In some system examples, PCs are selected as a main component set, an artificial neural network with 2 hidden layers is introduced, a method of elastic back propagation with weight backtracking is adopted, and the lossfunction adopts a residual variance sum algorithm, and the PCs are re-weighted by using a sample set of the fetal nucleic acid percentage PY of the known fetal Y chromosome on the label, so as to construct a weight-main component-PY neural network model.

In some examples of systems, the criteria for chromosomal copy number variation are as follows:

and (3) three-body judgment:

if PC_chri >0.03 and R >1.8, reporting trisomy positive, and prompting mother or placenta effect;

if PC_chri >0.03, and 0.2< R <1.8, then it is determined as chri trisomy positive;

if PC_chri >0.03,0.1< R <0.2, determining as an ash zone, and requiring re-determination;

if PC_chri is less than or equal to 0.03 and R <0.1, determining that the report is negative;

determination of XO:

when PC_chrX is less than or equal to-0.03, -0.01< PC_chrY <0.01, and R (i.e., |PC_chrX|/PF) is more than or equal to 0.8, determining positive;

when-0.03 < PC_chrX <0.03, -0.01< PC_chrY <0.01, R is less than 0.3, then judging as negative;

determination of XXX:

when PC_chrX >0.03, -0.01< PC_chrY <0.01, R (i.e., |PC_chrX|/PF) is larger than or equal to 0.8, the positive result is judged;

determination of XXY:

when-0.01 < pc_chrx <0.01 and pc_chry > =0.04, then it is determined as positive;

determination of XYY:

when PC_chrX >3% and PC_chrY >3% and the ratio of PC_chrY to PC_chrX is greater than 1.7, then XYY positive is determined.
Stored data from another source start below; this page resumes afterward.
theorem mainTheorem14:
  fixes p :: real and f :: mechanism
  assumes "p \<ge> 1"
    and "is_mechanism f"
    and "strategyproof f"
    and "shift_scale_invariant f"
    and "symmetric_mech f"
    and "interval_supported f"
  shows "ennreal ((2 powr (1 - 1 / p) + 1) / 2) \<le> approx_ratio p f"
proof -
  define m where "m = measure (f 0 1) ({..0} \<union> {1..})"
  have p: "0 < p" using assms(1) by simp
  obtain r where r: "opt_cost p 0 1 = ennreal r" "1 / 2 \<le> r" "r \<le> 2 powr (1 / p) / 2"
    "\<And>y. r \<le> Lp_cost p 0 1 y"
    using opt_cost_0_1_bounds[OF p] by blast
  have r_le_1: "r \<le> 1"
    using r(3) assms(1) powr_mono[of "1 / p" 1 2] by auto
  have m: "1 / 2 \<le> m"
    using strategyproof_endpoint_mass[OF assms(2,3,4,6)] by (simp add: m_def)
  have cost: "ennreal (r + (1 - r) * m) \<le> social_cost p 0 1 (f 0 1)"
    using assms(2) r r_le_1 unfolding m_def
    by (intro social_cost_0_1_ge) (auto simp: is_mechanism_def p)
  have "ennreal ((2 powr (1 - 1 / p) + 1) / 2) \<le> ennreal ((r + (1 - r) * m) / r)"
    using mixed_cost_ratio_ge[OF assms(1) r(2,3) m] by (rule ennreal_leI)
  also have "\<dots> \<le> ratio_at p f 0 1"
    using cost r(1,2) r_le_1 m
    by (simp add: ratio_at_def divide_ennreal[symmetric] divide_right_mono_ennreal)
  also have "\<dots> \<le> approx_ratio p f"
    unfolding approx_ratio_def by (meson SUP_upper2 UNIV_I order_refl)
  finally show ?thesis .
qed

end
(* As $r\to0$, $\zeta_0(r)=\frac2\pi+O(r^2)$ and $\zeta_2(r)=\frac2\pi+O(r^2)$. As $r\to\infty$, $\zeta_0(r)=\frac{A_0}{r}(1+O(1/r^2))$ and $\zeta_2(r)=\frac{A_2}{r^3}(1+O(1/r^2))$.
   Context: $\phi(t)=\frac{1}{\sqrt{2\pi}}e^{-t^2/2}$, $Q(x)=\int_x^\infty\phi(t)dt$, $\xi(s):=\frac{\phi^2(s)}{Q(s)(1-Q(s))}$, and $\zeta_k(t):=\mathbb{E}[S^k\xi(tS)]$ for $S\sim\mathcal{N}(0,1)$. $A_0:=\frac{1}{\sqrt{2\pi}}\int_{-\infty}^{\infty}\xi(u)du$ and $A_2:=\frac{1}{\sqrt{2\pi}}\int_{-\infty}^{\infty}\xi(u)u^2du$. *)

theory Defs
  imports "HOL-Analysis.Analysis" "HOL-Library.Landau_Symbols"
begin

definition phi :: "real \<Rightarrow> real" where
  "phi t = exp (- (t^2) / 2) / sqrt (2 * pi)"

definition Q :: "real \<Rightarrow> real" where
  "Q x = (LINT t:{x..}|lborel. phi t)"

definition xi :: "real \<Rightarrow> real" where
  "xi s = (phi s)^2 / (Q s * (1 - Q s))"

definition zeta :: "nat \<Rightarrow> real \<Rightarrow> real" where
  "zeta k t = (LINT s|lborel. s ^ k * xi (t * s) * phi s)"

definition A0 :: real where
  "A0 = 1 / sqrt (2 * pi) * (LINT u|lborel. xi u)"

definition A2 :: real where
  "A2 = 1 / sqrt (2 * pi) * (LINT u|lborel. xi u * u^2)"

end

theory Submission
  imports Defs "HOL-Probability.Probability"
begin

(* xi is positive and bounded; near 0 it is 2/pi + O(s^2), because phi(0)^2 = 1/(2 pi), Q(0) = 1/2
   and |Q s - 1/2| <= |s|/sqrt(2 pi); at infinity it decays like exp(-s^2/4), because
   Q s * Q(-s) >= phi(|s|+1)/2.  For small r, integrating |xi(r s) - 2/pi| <= C r^2 s^2 against the
   normal density gives zeta_k(r) = (2/pi) E[S^k] + O(r^2).  For large r, the substitution u = r s gives
   zeta_k(r) = r^-(k+1) (2 pi)^(-1/2) \<integral> xi(u) u^k exp(-u^2/(2 r^2)) du, and |exp(-x) - 1| <= x
   bounds the relative error by a multiple of 1/r^2, the k-th moment of xi being positive for even k. *)

lemma phi_eq_std_normal_density: "phi = std_normal_density"
  by (rule ext) (simp add: phi_def std_normal_density_def)

lemma phi_measurable [measurable]: "phi \<in> borel_measurable borel"
  by (simp add: phi_eq_std_normal_density)

lemma phi_pos: "0 < phi t"
  by (simp add: phi_def)

lemma phi_minus: "phi (- t) = phi t"
  by (simp add: phi_def)

lemma phi_le: "phi t \<le> 1 / sqrt (2 * pi)"
  by (simp add: phi_def divide_right_mono)

lemma phi_abs_antimono: "\<bar>s\<bar> \<le> \<bar>t\<bar> \<Longrightarrow> phi t \<le> phi s"
  unfolding phi_def by (intro divide_right_mono) (auto simp: abs_le_square_iff)

lemma phi_squared: "(phi t)\<^sup>2 = exp (- t\<^sup>2) / (2 * pi)"
proof -
  have "(exp (- t\<^sup>2 / 2))\<^sup>2 = exp (- t\<^sup>2)"
    by (simp add: power2_eq_square exp_add[symmetric])
  then show ?thesis
    by (simp add: phi_def power_divide)
qed

lemma integrable_phi_moment: "integrable lborel (\<lambda>s. s ^ k * phi s)"
  using integrable_std_normal_moment[of k] by (simp add: phi_eq_std_normal_density mult.commute)

lemma integrable_phi_abs_moment: "integrable lborel (\<lambda>s. \<bar>s\<bar> ^ k * phi s)"
  using integrable_std_normal_moment_abs[of k] by (simp add: phi_eq_std_normal_density mult.commute)

lemma set_integrable_phi: "A \<in> sets borel \<Longrightarrow> set_integrable lborel A phi"
  unfolding set_integrable_def
  using integrable_mult_indicator[of A lborel phi] by (simp add: phi_eq_std_normal_density)

lemma set_integrable_const_Ico: "set_integrable lborel {x..<y :: real} (\<lambda>_. c :: real)"
proof -
  have "emeasure lborel {x..<y} < \<top>"
    by (cases "x \<le> y") auto
  then show ?thesis
    unfolding set_integrable_def by (intro integrable_scaleR_left integrable_real_indicator) simp_all
qed

lemma set_integral_phi_nonneg: "0 \<le> (LINT t:A|lborel. phi t)"
  unfolding set_lebesgue_integral_def
  by (intro Bochner_Integration.integral_nonneg) (simp add: less_imp_le[OF phi_pos])

lemma set_integral_phi_Ico_le:
  assumes "x \<le> y"
  shows "(LINT t:{x..<y}|lborel. phi t) \<le> (y - x) / sqrt (2 * pi)"
proof -
  have "(LINT t:{x..<y}|lborel. phi t) \<le> (LINT t:{x..<y}|lborel. 1 / sqrt (2 * pi))"
    by (intro set_integral_mono set_integrable_phi set_integrable_const_Ico phi_le) simp
  also have "\<dots> = (y - x) / sqrt (2 * pi)"
    using assms by (simp add: set_integral_const)
  finally show ?thesis .
qed

lemma set_integral_phi_Ico_ge:
  assumes "0 \<le> x" "x \<le> y"
  shows "(y - x) * phi y \<le> (LINT t:{x..<y}|lborel. phi t)"
proof -
  have "(y - x) * phi y = (LINT t:{x..<y}|lborel. phi y)"
    using assms by (simp add: set_integral_const)
  also have "\<dots> \<le> (LINT t:{x..<y}|lborel. phi t)"
    using assms
    by (intro set_integral_mono set_integrable_phi set_integrable_const_Ico phi_abs_antimono) auto
  finally show ?thesis .
qed

lemma Q_split:
  assumes "x \<le> y"
  shows "Q x = (LINT t:{x..<y}|lborel. phi t) + Q y"
proof -
  have "{x..} = {x..<y} \<union> {y..}" "{x..<y} \<inter> {y..} = {}"
    using assms by auto
  then show ?thesis
    unfolding Q_def by (simp add: set_integral_Un set_integrable_phi)
qed

lemma Q_nonneg: "0 \<le> Q x"
  unfolding Q_def by (rule set_integral_phi_nonneg)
In some system examples, the unit window is 100k to 5 mbp in length. The length of the unit window can be adjusted accordingly according to the depth, quality and the like of the sequencing.

In some system examples, when the calculated fetal nucleic acid percentage PF is less than 3.5%, the confidence of the result is determined and the peripheral blood sample is re-obtained.

In some system examples, the number of uncorrected frequencies is corrected by a model of linear regression based on GC values and as-batch systematic errors.

In some system examples, p-set is less than or equal to 0.05. This is a common significance criterion. The value may be adjusted as desired.

In some examples of systems, the method of constructing a sequencing library comprises the steps of:

extracting free DNA from a pregnant woman peripheral blood sample;

performing end repair, A adding, connector adding and PCR amplification on the free DNA, wherein the implementation method of PCR amplification is one of the following 4 methods:

1) As same asWhen adding gene specific primer, specific joint and specific barcode primer, wherein the gene specific primer is combined with plasma free DNA template T _m T with specific adapter and specific barcode primer combined with gene specific primer and plasma free DNA template amplified product _m The value is 2-6 ℃, the PCR process uses high annealing temperature to amplify the gene specific primer to a set concentration, and uses low annealing temperature to amplify the specific joint and the specific barcode primer, and finally forms a complete library; or (b)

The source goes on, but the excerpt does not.